The problem: Your task is to copy the lines of the data below from the line holding "pl x \<and>" through the line holding "(THE m. \<forall>x.", inclusive, exactly and with nothing added.

Data:
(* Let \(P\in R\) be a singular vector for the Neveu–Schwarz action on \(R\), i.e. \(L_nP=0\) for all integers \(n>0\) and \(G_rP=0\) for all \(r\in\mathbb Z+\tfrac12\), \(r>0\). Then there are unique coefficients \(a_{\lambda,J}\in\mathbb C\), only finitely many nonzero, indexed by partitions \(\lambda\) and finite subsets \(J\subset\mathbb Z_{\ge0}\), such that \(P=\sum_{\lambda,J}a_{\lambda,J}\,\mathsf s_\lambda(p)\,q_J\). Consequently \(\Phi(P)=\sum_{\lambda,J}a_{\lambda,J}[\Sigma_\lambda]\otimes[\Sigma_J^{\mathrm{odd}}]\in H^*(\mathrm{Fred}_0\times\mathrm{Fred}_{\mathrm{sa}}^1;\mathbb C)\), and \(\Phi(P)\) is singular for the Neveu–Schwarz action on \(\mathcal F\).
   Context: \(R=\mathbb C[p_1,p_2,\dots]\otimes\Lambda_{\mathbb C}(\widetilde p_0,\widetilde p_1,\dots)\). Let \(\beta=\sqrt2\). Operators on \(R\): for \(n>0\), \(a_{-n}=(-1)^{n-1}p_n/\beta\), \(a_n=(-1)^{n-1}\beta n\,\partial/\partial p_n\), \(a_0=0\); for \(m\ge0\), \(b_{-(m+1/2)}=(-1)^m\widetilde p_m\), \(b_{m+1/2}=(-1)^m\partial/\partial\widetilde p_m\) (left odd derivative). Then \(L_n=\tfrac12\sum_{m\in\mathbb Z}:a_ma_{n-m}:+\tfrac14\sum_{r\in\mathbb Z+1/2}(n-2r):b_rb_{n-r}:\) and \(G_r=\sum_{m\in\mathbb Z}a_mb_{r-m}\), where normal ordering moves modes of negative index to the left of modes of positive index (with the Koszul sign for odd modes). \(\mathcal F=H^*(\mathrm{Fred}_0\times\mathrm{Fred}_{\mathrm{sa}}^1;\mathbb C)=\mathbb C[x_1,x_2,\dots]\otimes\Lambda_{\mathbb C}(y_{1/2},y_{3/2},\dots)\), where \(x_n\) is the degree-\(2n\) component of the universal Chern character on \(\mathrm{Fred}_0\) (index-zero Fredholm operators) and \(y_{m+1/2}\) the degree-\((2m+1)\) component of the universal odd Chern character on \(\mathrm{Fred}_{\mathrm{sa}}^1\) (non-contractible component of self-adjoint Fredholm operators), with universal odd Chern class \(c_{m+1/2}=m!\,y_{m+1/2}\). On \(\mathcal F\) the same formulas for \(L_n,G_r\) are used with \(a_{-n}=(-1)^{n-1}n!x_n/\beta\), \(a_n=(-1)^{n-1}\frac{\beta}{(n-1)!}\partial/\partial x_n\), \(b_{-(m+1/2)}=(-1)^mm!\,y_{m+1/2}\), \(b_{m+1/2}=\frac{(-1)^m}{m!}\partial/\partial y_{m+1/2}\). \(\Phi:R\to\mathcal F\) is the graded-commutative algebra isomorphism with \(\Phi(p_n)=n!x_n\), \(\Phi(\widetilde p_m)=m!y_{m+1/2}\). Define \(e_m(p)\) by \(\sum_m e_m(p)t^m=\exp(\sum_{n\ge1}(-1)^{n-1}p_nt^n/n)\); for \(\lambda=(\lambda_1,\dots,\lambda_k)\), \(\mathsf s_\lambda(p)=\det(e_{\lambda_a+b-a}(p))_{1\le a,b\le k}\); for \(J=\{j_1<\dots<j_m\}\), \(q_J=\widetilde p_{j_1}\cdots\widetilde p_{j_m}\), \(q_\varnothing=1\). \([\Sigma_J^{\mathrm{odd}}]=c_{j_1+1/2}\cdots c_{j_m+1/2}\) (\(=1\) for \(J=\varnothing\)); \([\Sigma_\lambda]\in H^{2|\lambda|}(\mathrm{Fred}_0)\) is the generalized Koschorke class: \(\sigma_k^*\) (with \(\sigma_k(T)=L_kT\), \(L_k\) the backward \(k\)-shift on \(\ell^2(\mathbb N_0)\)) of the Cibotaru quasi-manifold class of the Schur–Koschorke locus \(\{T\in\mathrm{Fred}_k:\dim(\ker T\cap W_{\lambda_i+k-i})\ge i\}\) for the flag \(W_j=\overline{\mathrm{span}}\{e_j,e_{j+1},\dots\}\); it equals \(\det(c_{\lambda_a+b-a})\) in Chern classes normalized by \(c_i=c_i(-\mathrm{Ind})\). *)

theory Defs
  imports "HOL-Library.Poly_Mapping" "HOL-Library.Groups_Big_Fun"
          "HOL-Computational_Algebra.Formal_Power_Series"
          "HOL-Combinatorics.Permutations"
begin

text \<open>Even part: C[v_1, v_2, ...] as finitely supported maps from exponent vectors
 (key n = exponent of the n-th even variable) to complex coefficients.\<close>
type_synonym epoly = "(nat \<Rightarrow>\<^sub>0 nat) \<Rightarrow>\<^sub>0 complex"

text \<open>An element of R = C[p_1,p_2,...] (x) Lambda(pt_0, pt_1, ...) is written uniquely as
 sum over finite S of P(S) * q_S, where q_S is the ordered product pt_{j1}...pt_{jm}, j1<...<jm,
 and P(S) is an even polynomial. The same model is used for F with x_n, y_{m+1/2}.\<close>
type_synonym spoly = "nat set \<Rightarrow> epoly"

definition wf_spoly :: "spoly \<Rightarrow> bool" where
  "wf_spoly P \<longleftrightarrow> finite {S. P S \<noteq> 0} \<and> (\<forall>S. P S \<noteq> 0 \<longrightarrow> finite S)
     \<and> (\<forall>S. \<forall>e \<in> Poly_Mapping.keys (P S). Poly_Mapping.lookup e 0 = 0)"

--

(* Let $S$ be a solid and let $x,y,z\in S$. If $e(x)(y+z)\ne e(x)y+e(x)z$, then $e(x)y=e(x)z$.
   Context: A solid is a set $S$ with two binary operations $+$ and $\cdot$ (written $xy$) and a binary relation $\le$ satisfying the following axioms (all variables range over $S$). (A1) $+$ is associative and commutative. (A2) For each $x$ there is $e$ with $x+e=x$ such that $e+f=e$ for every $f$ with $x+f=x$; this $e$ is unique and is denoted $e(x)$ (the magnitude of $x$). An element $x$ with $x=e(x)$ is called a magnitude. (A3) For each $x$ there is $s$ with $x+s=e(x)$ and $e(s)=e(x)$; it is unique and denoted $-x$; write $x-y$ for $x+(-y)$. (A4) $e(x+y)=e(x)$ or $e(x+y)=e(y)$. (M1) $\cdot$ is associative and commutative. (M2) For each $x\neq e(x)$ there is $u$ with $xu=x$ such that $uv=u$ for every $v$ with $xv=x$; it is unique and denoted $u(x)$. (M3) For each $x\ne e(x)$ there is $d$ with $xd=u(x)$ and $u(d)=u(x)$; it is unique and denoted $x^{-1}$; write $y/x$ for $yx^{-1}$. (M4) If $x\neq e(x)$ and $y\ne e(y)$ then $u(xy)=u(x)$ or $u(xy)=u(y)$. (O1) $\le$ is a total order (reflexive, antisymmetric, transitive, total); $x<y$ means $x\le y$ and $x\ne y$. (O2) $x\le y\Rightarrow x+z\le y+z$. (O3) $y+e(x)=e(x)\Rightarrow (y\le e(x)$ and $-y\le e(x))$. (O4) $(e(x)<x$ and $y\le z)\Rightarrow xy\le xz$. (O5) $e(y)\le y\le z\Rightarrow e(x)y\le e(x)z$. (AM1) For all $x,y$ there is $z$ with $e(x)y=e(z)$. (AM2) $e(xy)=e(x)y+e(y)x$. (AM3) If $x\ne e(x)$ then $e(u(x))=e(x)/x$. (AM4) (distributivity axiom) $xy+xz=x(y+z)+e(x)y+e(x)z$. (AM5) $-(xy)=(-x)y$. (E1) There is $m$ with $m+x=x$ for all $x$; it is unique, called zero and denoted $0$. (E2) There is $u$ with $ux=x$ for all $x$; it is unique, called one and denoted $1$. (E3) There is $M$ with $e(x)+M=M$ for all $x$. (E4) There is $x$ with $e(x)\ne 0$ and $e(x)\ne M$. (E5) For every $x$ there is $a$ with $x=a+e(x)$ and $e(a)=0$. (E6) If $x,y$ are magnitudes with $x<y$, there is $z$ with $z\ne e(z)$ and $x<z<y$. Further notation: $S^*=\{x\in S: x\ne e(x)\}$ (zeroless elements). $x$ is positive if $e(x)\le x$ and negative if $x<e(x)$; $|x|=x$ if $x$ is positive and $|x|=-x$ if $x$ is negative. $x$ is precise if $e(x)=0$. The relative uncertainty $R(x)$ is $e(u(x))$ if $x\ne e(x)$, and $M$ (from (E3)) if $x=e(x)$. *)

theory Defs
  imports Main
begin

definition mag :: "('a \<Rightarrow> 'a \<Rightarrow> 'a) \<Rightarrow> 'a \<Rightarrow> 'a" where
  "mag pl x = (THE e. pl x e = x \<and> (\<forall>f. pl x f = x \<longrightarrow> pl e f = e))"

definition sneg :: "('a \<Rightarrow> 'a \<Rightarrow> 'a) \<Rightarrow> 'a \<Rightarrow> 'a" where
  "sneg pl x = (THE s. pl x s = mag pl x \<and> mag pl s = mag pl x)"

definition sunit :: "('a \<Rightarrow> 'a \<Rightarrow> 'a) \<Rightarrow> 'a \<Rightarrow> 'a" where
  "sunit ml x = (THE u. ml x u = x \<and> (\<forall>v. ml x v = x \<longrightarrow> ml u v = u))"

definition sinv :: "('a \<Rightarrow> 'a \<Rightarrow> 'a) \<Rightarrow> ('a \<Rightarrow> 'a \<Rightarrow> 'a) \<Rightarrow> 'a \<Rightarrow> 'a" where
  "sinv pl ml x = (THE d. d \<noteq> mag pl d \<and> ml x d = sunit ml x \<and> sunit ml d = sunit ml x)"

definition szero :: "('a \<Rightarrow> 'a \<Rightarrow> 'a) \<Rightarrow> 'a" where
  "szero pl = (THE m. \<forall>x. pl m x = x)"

Answer to this problem:
  "sneg pl x = (THE s. pl x s = mag pl x \<and> mag pl s = mag pl x)"

definition sunit :: "('a \<Rightarrow> 'a \<Rightarrow> 'a) \<Rightarrow> 'a \<Rightarrow> 'a" where
  "sunit ml x = (THE u. ml x u = x \<and> (\<forall>v. ml x v = x \<longrightarrow> ml u v = u))"

definition sinv :: "('a \<Rightarrow> 'a \<Rightarrow> 'a) \<Rightarrow> ('a \<Rightarrow> 'a \<Rightarrow> 'a) \<Rightarrow> 'a \<Rightarrow> 'a" where
  "sinv pl ml x = (THE d. d \<noteq> mag pl d \<and> ml x d = sunit ml x \<and> sunit ml d = sunit ml x)"

definition szero :: "('a \<Rightarrow> 'a \<Rightarrow> 'a) \<Rightarrow> 'a" where
  "szero pl = (THE m. \<forall>x. pl m x = x)"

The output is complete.